The Kubernetes 1.25 upgrade path adds another layer of pain. AKS moved to Ubuntu 22.04 at that release, which defaults to cgroup version 2, a fundamentally different kernel interface for managing resource limits. Java apps running on JRE versions older than 11.0.18 or 1.8.0_372, .NET versions before 5.0, and some Node.js workloads all read memory limits from the old cgroup v1 API paths. When those paths disappear, the JVM or runtime gets confused, thinks it has access to the entire host's memory, allocates accordingly, and the kernel kills it. That's your OOM error. That's your CrashLoopBackOff.
The error messages from kubectl get pods are blunt, a status code with no explanation attached. You have to go deeper with kubectl describe pod to see the events that actually explain what broke.
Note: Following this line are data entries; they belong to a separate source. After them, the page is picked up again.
lemma target_image: "target k ` Accepted k = Holding k"
proof
  show "target k ` Accepted k \<subseteq> Holding k"
    using Accepted_target by (fastforce simp: Holding_def)
  show "Holding k \<subseteq> target k ` Accepted k"
  proof
    fix w assume "w \<in> Holding k"
    then obtain i where "w \<in> V" "\<not> red w" "held pref (ptr k) w = Some i"
      by (auto simp: Holding_def)
    from held_Accepted[OF this] show "w \<in> target k ` Accepted k" by force
  qed
qed

lemma card_Accepted_eq_card_Holding: "card (Accepted k) = card (Holding k)"
  using card_image[OF inj_on_target] target_image by metis

lemma card_Rejected_Suc_le: "card (Rejected (Suc k)) \<le> card (Rejected k)"
proof -
  have "Rejected j = Active j - Accepted j" and "Accepted j \<subseteq> Active j" for j
    by (auto simp: Rejected_def Active_def Accepted_def accepted_def)
  hence card_Rejected: "card (Rejected j) = card (Active j) - card (Holding j)" for j
    by (simp add: card_Diff_subset card_Accepted_eq_card_Holding)
  have "Active (Suc k) \<subseteq> Active k"
    unfolding Active_def using ptr_le_Suc le_less_trans by blast
  moreover have "Holding k \<subseteq> Holding (Suc k)"
    using held_Suc by (fastforce simp: Holding_def)
  ultimately have "card (Active (Suc k)) \<le> card (Active k)" "card (Holding k) \<le> card (Holding (Suc k))"
    by (simp_all add: card_mono)
  thus ?thesis by (simp add: card_Rejected)
qed

lemma sum_ptr_eq_sum_card_Rejected: "(\<Sum>m\<in>Reds. ptr K m) = (\<Sum>k<K. card (Rejected k))"
proof (induction K)
  case (Suc K)
  have "ptr (Suc K) m = ptr K m + (if m \<in> Rejected K then 1 else 0)" if "m \<in> Reds" for m
    using that by (auto simp: gs_ptr_Suc gs_step_def Rejected_def Reds_def)
  hence "(\<Sum>m\<in>Reds. ptr (Suc K) m) = (\<Sum>m\<in>Reds. ptr K m) + card (Reds \<inter> Rejected K)"
    by (simp add: sum.distrib sum.If_cases)
  moreover have "Reds \<inter> Rejected K = Rejected K" by (auto simp: Reds_def Rejected_def)
  ultimately show ?case using Suc.IH by simp
qed simp

text \<open>Every index that a red node has passed names an edge of a blue node that holds a proposal.\<close>

lemma sum_ptr_le_card_Holding:
  assumes "max_degree_le V pref D"
  shows "(\<Sum>m\<in>Reds. ptr K m) \<le> D * card (Holding K)"
proof -
  define S where "S = Sigma Reds (\<lambda>m. {..<ptr K m})"
  define g where "g = (\<lambda>(m, j). (pref m ! j, m))"
  have "inj_on g S"
  proof (rule inj_onI)
    fix x y assume "x \<in> S" "y \<in> S" "g x = g y"
    then obtain m j j' where "x = (m, j)" "y = (m, j')" "m \<in> V" "pref m ! j = pref m ! j'"
      "j < length (pref m)" "j' < length (pref m)"
      using ptr_le_length[of K] by (auto simp: S_def Reds_def g_def less_le_trans)
    thus "x = y" using distinct_pref by (simp add: nth_eq_iff_index_eq)
  qed
  moreover have "g ` S \<subseteq> Sigma (Holding K) (\<lambda>w. set (pref w))"
  proof
    fix y assume "y \<in> g ` S"
    then obtain m j where m: "m \<in> V" "red m" "j < ptr K m" and y: "y = (pref m ! j, m)"
      by (auto simp: S_def Reds_def g_def)
    have "pref m ! j \<in> set (pref m)" using m(3) ptr_le_length[of K m] by simp
    with neighbour[OF m(1)] m(2) have "pref m ! j \<in> V" "\<not> red (pref m ! j)"
      "m \<in> set (pref (pref m ! j))" by auto
    with passed_held_better[OF m] show "y \<in> Sigma (Holding K) (\<lambda>w. set (pref w))"
      using y by (auto simp: Holding_def)
  qed
  ultimately have "card S \<le> card (Sigma (Holding K) (\<lambda>w. set (pref w)))"
    by (metis card_image card_mono finite_SigmaI finite_node_sets(5) finite_set)
  also have "\<dots> = (\<Sum>w\<in>Holding K. card (set (pref w)))" by simp
  also have "\<dots> \<le> (\<Sum>w\<in>Holding K. D)"
    using assms card_length le_trans
    by (intro sum_mono) (fastforce simp: max_degree_le_def Holding_def)
  finally show ?thesis by (simp add: S_def mult.commute)
qed

lemma rounds_mult_card_Rejected_le:
  assumes "max_degree_le V pref D"
  shows "K * card (Rejected K) \<le> D * card (Accepted K)"
proof -
  have "card (Rejected K) \<le> card (Rejected k)" if "k \<le> K" for k
    using card_Rejected_Suc_le that
    by (metis (no_types, lifting) lift_Suc_antimono_le[of "\<lambda>k. card (Rejected k)"])
  hence "K * card (Rejected K) \<le> (\<Sum>k<K. card (Rejected k))"
    using sum_mono[of "{..<K}" "\<lambda>_. card (Rejected K)"] by simp
  thus ?thesis
    using sum_ptr_eq_sum_card_Rejected[of K] sum_ptr_le_card_Holding[OF assms, of K]
      card_Accepted_eq_card_Holding
    by simp
qed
I'll show you exactly what to look for and how to read those events like a senior engineer would.
Troubleshoot Azure Kubernetes Pod Errors, The Quick Fix
If your AKS pods are stuck in Pending right after an upgrade attempt, the fastest single diagnostic is a two-command sequence. First, check whether you even have nodes available:
kubectl get nodes
If that returns an empty list or all nodes show NotReady or SchedulingDisabled, your upgrade stalled mid-drain. The second command tells you whether a PodDisruptionBudget is the culprit:
kubectl get events | grep -i drain
Scan the output for the phrase "Eviction blocked by Too Many Requests (usually a pdb)". If you see that, you've found your problem, a PDB with zero allowed disruptions is holding the entire node drain hostage. The fix I'll walk you through in Step 2 handles this in under five minutes for most clusters.
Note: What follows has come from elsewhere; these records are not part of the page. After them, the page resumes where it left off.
(* Let $\mathcal{C}$ be an $[n,k]_q$ MWS code such that for every $c\in\mathcal{C}\setminus\{0\}$ the entries of $V(c)$ are pairwise distinct. Then for each $i\in\{1,\dots,q-1\}$ there exists a non-zero $r=(r_1,\dots,r_{q-1})\in\mathbb{N}^{q-1}$ such that $$\sum_{j=1}^{q-1} r_j\left(a[\alpha^{i-j}]-b[\alpha^{i-j}]\right)\neq 0\quad\text{for all } a,b\in\mathcal{C},\ a\ne b.$$
   Context: $\alpha$ is a fixed primitive element of $\mathbb{F}_q$ (exponents modulo $q-1$), $\mathbb{N}=\{0,1,2,\dots\}$. An $[n,k]_q$ code is a $k$-dimensional subspace of $\mathbb{F}_q^n$ (non-degenerate if $k\ge2$); it is MWS if it has exactly $\frac{q^k-1}{q-1}$ distinct non-zero Hamming weights. For $c\in\mathbb{F}_q^n$, $\beta\in\mathbb{F}_q$, $c[\beta]=|\{l:c_l=\beta\}|$ and $V(c)=(c[\alpha],\dots,c[\alpha^{q-1}],c[0])$. *)

theory Defs
  imports "HOL-Analysis.Analysis"
begin

definition primitive_elem :: "'a::{finite,field} \<Rightarrow> bool" where
  "primitive_elem \<alpha> \<longleftrightarrow> \<alpha> \<noteq> 0 \<and> (\<forall>x. x \<noteq> 0 \<longrightarrow> (\<exists>j::nat. x = \<alpha> ^ j))"

definition apow :: "'a::{finite,field} \<Rightarrow> int \<Rightarrow> 'a" where
  "apow \<alpha> e = \<alpha> ^ nat (e mod int (CARD('a) - 1))"

definition cnt :: "'a ^ 'n::finite \<Rightarrow> 'a \<Rightarrow> nat" where
  "cnt c \<beta> = card {l. c $ l = \<beta>}"

definition Vvec :: "'a::{finite,field} \<Rightarrow> 'a ^ 'n::finite \<Rightarrow> nat list" where
  "Vvec \<alpha> c = map (\<lambda>j. cnt c (\<alpha> ^ j)) [1..<CARD('a)] @ [cnt c 0]"

definition hweight :: "'a::zero ^ 'n::finite \<Rightarrow> nat" where
  "hweight c = card {l. c $ l \<noteq> 0}"

definition lin_code :: "('a::{finite,field} ^ 'n::finite) set \<Rightarrow> nat \<Rightarrow> bool" where
  "lin_code C k \<longleftrightarrow> vec.subspace C \<and> vec.dim C = k"

definition MWS :: "('a::{finite,field} ^ 'n::finite) set \<Rightarrow> nat \<Rightarrow> bool" where
  "MWS C k \<longleftrightarrow> card {hweight c | c. c \<in> C \<and> c \<noteq> 0 \<and> hweight c \<noteq> 0}
      = (CARD('a) ^ k - 1) div (CARD('a) - 1)"

end

theory Submission
  imports Defs
begin

text \<open>In an MWS code there are as many weights of non-zero codewords as there are
  one-dimensional subspaces, and each weight class contains the \<open>q - 1\<close> non-zero multiples
  of any of its members; so two non-zero codewords of equal weight are proportional. Two
  distinct codewords with the same counts \<open>c[\<beta>]\<close>, \<open>\<beta> \<noteq> 0\<close>, have equal weight, hence
  \<open>b = \<alpha>^e a\<close> with \<open>0 < e < q - 1\<close>, and then \<open>a[\<alpha>^(e+1)] = a[\<alpha>]\<close> contradicts
  distinctness of \<open>V(a)\<close>. Hence a codeword is determined by the counts
  \<open>c[\<alpha>^(i-j)]\<close>, \<open>j = 1, \<dots>, q - 1\<close>, and with \<open>r\<^sub>j = (n + 1)^j\<close> the sum in question is a
  base-\<open>(n + 1)\<close> expansion whose digits, differences of counts, have absolute value at
  most \<open>n\<close>; it vanishes only if all digits do.\<close>

lemma card_nonzero_field: "card {x::'a::{finite,field}. x \<noteq> 0} = CARD('a) - 1"
proof -
  have "{x::'a. x \<noteq> 0} = UNIV - {0}" by auto
  then show ?thesis by (simp add: card_Diff_singleton)
qed

lemma card_field_minus_one_pos: "0 < CARD('a::{finite,field}) - 1"
proof -
  have "card {x::'a. x \<noteq> 0} > 0" by (subst card_gt_0_iff) (auto intro: exI[of _ 1])
  then show ?thesis by (simp add: card_nonzero_field)
qed

lemma field_power_card_minus_one:
  fixes x :: "'a::{finite,field}"
  assumes "x \<noteq> 0"
  shows "x ^ (CARD('a) - 1) = 1"
proof -
  let ?U = "{y::'a. y \<noteq> 0}"
  have "prod id ?U = prod (\<lambda>y. x * y) ?U"
    by (rule prod.reindex_bij_witness[of _ "\<lambda>y. x * y" "\<lambda>y. y / x"]) (use assms in auto)
  also have "\<dots> = x ^ card ?U * prod id ?U" by (simp add: prod.distrib)
  finally have "x ^ card ?U = 1" by simp
  then show ?thesis by (simp add: card_nonzero_field)
qed

lemma primitive_elem_power_less:
  fixes \<alpha> :: "'a::{finite,field}"
  assumes "primitive_elem \<alpha>" and "x \<noteq> 0"
  obtains e where "e < CARD('a) - 1" and "x = \<alpha> ^ e"
proof -
  let ?m = "CARD('a) - 1"
  obtain j where j: "x = \<alpha> ^ j" using assms unfolding primitive_elem_def by auto
  have "\<alpha> ^ j = (\<alpha> ^ ?m) ^ (j div ?m) * \<alpha> ^ (j mod ?m)"
    by (metis power_add power_mult div_mult_mod_eq mult.commute)
  also have "\<dots> = \<alpha> ^ (j mod ?m)"
    using assms(1) field_power_card_minus_one[of \<alpha>] unfolding primitive_elem_def by simp
  finally show ?thesis
    using that[of "j mod ?m"] j card_field_minus_one_pos[where 'a='a] by simp
qed

lemma nonzero_eq_apow_shift:
  fixes \<alpha> :: "'a::{finite,field}"
  assumes "primitive_elem \<alpha>" and "\<beta> \<noteq> 0"
  shows "\<exists>j\<in>{1..CARD('a) - 1}. \<beta> = apow \<alpha> (int i - int j)"
proof -
  define m where "m = CARD('a) - 1"
  have m: "m > 0" using card_field_minus_one_pos[where 'a='a] by (simp add: m_def)
  obtain e where e: "e < m" "\<beta> = \<alpha> ^ e"
    using primitive_elem_power_less[OF assms] unfolding m_def by blast
  define j where "j = nat ((int i - int e - 1) mod int m) + 1"
  have "0 \<le> (int i - int e - 1) mod int m" "(int i - int e - 1) mod int m < int m"
    using m by simp_all
  then have j: "j \<in> {1..m}" and j_int: "int j = (int i - int e - 1) mod int m + 1"
    unfolding j_def by (auto simp: nat_less_iff)
  have "(int i - int j) mod int m = (int i - 1 - (int i - int e - 1) mod int m) mod int m"
    by (simp add: j_int algebra_simps)
  also have "\<dots> = (int i - 1 - (int i - int e - 1)) mod int m"
    by (rule mod_diff_right_eq)
  also have "\<dots> = int e" using e(1) by simp
  finally have "apow \<alpha> (int i - int j) = \<beta>"
    using e(2) by (simp add: apow_def m_def)
  then show ?thesis using j unfolding m_def by metis
qed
If your nodes are online but pods are still crashing with CrashLoopBackOff, run:
kubectl describe pod <pod-name> -n <namespace>
Scroll to the Events section at the bottom. You're looking for FailedScheduling, OOMKilled, BackOff, or ErrImagePull entries. The reason code tells you which path to follow.
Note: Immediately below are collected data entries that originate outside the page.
lemma expected_alg_le_prefix_avg:
  assumes "finite G" "m \<le> card G"
    and bound: "\<And>M. M \<subseteq> G \<Longrightarrow> is_matching M \<Longrightarrow> card M + card (M - P) \<le> k"
  shows "expected_alg A G \<le> k -
    (\<Sum>S | S \<subseteq> G \<and> card S = m. expected_alg A S - real (card (S \<inter> P))) / (card G choose m)"
proof -
  let ?N = "card G"
  let ?X = "\<Sum>S | S \<subseteq> G \<and> card S = m. expected_alg A S - real (card (S \<inter> P))"
  have "fact ?N * expected_alg A G \<le> fact ?N * k - fact (?N - m) * fact m * ?X"
    using sum_expected_run_size_le[OF assms] assms(1) by (simp add: expected_alg_eq_sum)
  moreover have "(fact ?N :: real) = fact m * fact (?N - m) * (?N choose m)"
    using binomial_fact_lemma[OF assms(2)] by (metis of_nat_fact of_nat_mult)
  ultimately have "fact m * fact (?N - m) * (real (?N choose m) * expected_alg A G + ?X)
      \<le> fact m * fact (?N - m) * (real (?N choose m) * real k)"
    by (simp add: algebra_simps)
  then have "real (?N choose m) * expected_alg A G + ?X \<le> real (?N choose m) * real k"
    by (rule mult_left_le_imp_le) simp
  moreover have "0 < real (?N choose m)"
    using assms(2) by simp
  ultimately show ?thesis
    by (simp add: field_simps)
qed

lemma expected_alg_le_subset_avg:
  assumes "finite G" "0 \<le> p" "p \<le> 1"
    and bound: "\<And>M. M \<subseteq> G \<Longrightarrow> is_matching M \<Longrightarrow> card M + card (M - P) \<le> k"
  shows "expected_alg A G \<le> k - subset_avg p G (\<lambda>S. expected_alg A S - real (card (S \<inter> P)))"
proof -
  let ?N = "card G"
  define X where "X m = (\<Sum>S | S \<subseteq> G \<and> card S = m. expected_alg A S - real (card (S \<inter> P)))" for m
  define w where "w m = real (?N choose m) * p ^ m * (1 - p) ^ (?N - m)" for m
  have w_sum: "(\<Sum>m\<le>?N. w m) = 1"
    using binomial_ring[of p "1 - p" ?N] by (simp add: w_def)
  have "expected_alg A G = (\<Sum>m\<le>?N. w m * expected_alg A G)"
    by (simp add: sum_distrib_right[symmetric] w_sum)
  also have "\<dots> \<le> (\<Sum>m\<le>?N. w m * (k - X m / (?N choose m)))"
    using assms(2,3) expected_alg_le_prefix_avg[OF assms(1) _ bound]
    by (intro sum_mono mult_left_mono) (auto simp: w_def X_def)
  also have "\<dots> = k - (\<Sum>m\<le>?N. p ^ m * (1 - p) ^ (?N - m) * X m)"
    by (simp add: right_diff_distrib sum_subtractf sum_distrib_right[symmetric] w_sum)
      (simp add: w_def mult.assoc)
  also have "\<dots> = k - subset_avg p G (\<lambda>S. expected_alg A S - real (card (S \<inter> P)))"
    using assms(1) by (simp add: subset_avg_by_card X_def)
  finally show ?thesis .
qed

section \<open>The hard instance\<close>

definition core :: "nat \<Rightarrow> edge set" where
  "core n = {..<n} \<times> {..<n}"

definition pendant_left :: "nat \<Rightarrow> edge set" where
  "pendant_left n = (\<lambda>i. (i, n + i)) ` {..<n}"

definition pendant_right :: "nat \<Rightarrow> edge set" where
  "pendant_right n = (\<lambda>i. (n + i, i)) ` {..<n}"

definition pendant :: "nat \<Rightarrow> edge set" where
  "pendant n = pendant_left n \<union> pendant_right n"

definition hard_graph :: "nat \<Rightarrow> edge set" where
  "hard_graph n = core n \<union> pendant n"

lemma finite_hard_graph [simp]: "finite (hard_graph n)"
  by (simp add: hard_graph_def core_def pendant_def pendant_left_def pendant_right_def)

lemma card_pendant: "card (pendant n) = 2 * n"
proof -
  have "card (pendant_left n) = n" "card (pendant_right n) = n"
    unfolding pendant_left_def pendant_right_def by (simp_all add: card_image inj_on_def)
  moreover have "pendant_left n \<inter> pendant_right n = {}"
    by (auto simp: pendant_left_def pendant_right_def)
  ultimately show ?thesis
    unfolding pendant_def by (simp add: card_Un_disjoint pendant_left_def pendant_right_def)
qed

lemma opt_hard_graph_ge: "2 * n \<le> opt (hard_graph n)"
proof -
  have "is_matching (pendant n)"
    by (auto simp: is_matching_def pendant_def pendant_left_def pendant_right_def)
  then show ?thesis
    using card_le_opt[OF finite_hard_graph, of "pendant n" n]
    by (simp add: hard_graph_def card_pendant)
qed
For ImagePullBackOff specifically, the container runtime is failing to pull the image from its registry. The most common culprits are: the image tag doesn't exist, the registry requires authentication and the secret isn't attached to the pod's service account, or there's a network policy blocking egress to the registry endpoint. Check the imagePullSecrets in your deployment spec first. Nine times out of ten, that's it.
kubectl get pdb --all-namespaces before touching anything else. Look at the ALLOWED DISRUPTIONS column, if any row shows 0 and your cluster upgrade stalled, that PDB is almost certainly your blocker. You can fix that in minutes versus spending hours looking in the wrong direction.
Start here, every single time. Run kubectl get pods -n kube-system to get the names of system pods showing 0/1 Pending. You might see something like this, coredns, coredns-autoscaler, konnectivity-agent, and metrics-server all pending simultaneously. That pattern is a strong signal the entire node pool is unavailable, not that individual pods are broken.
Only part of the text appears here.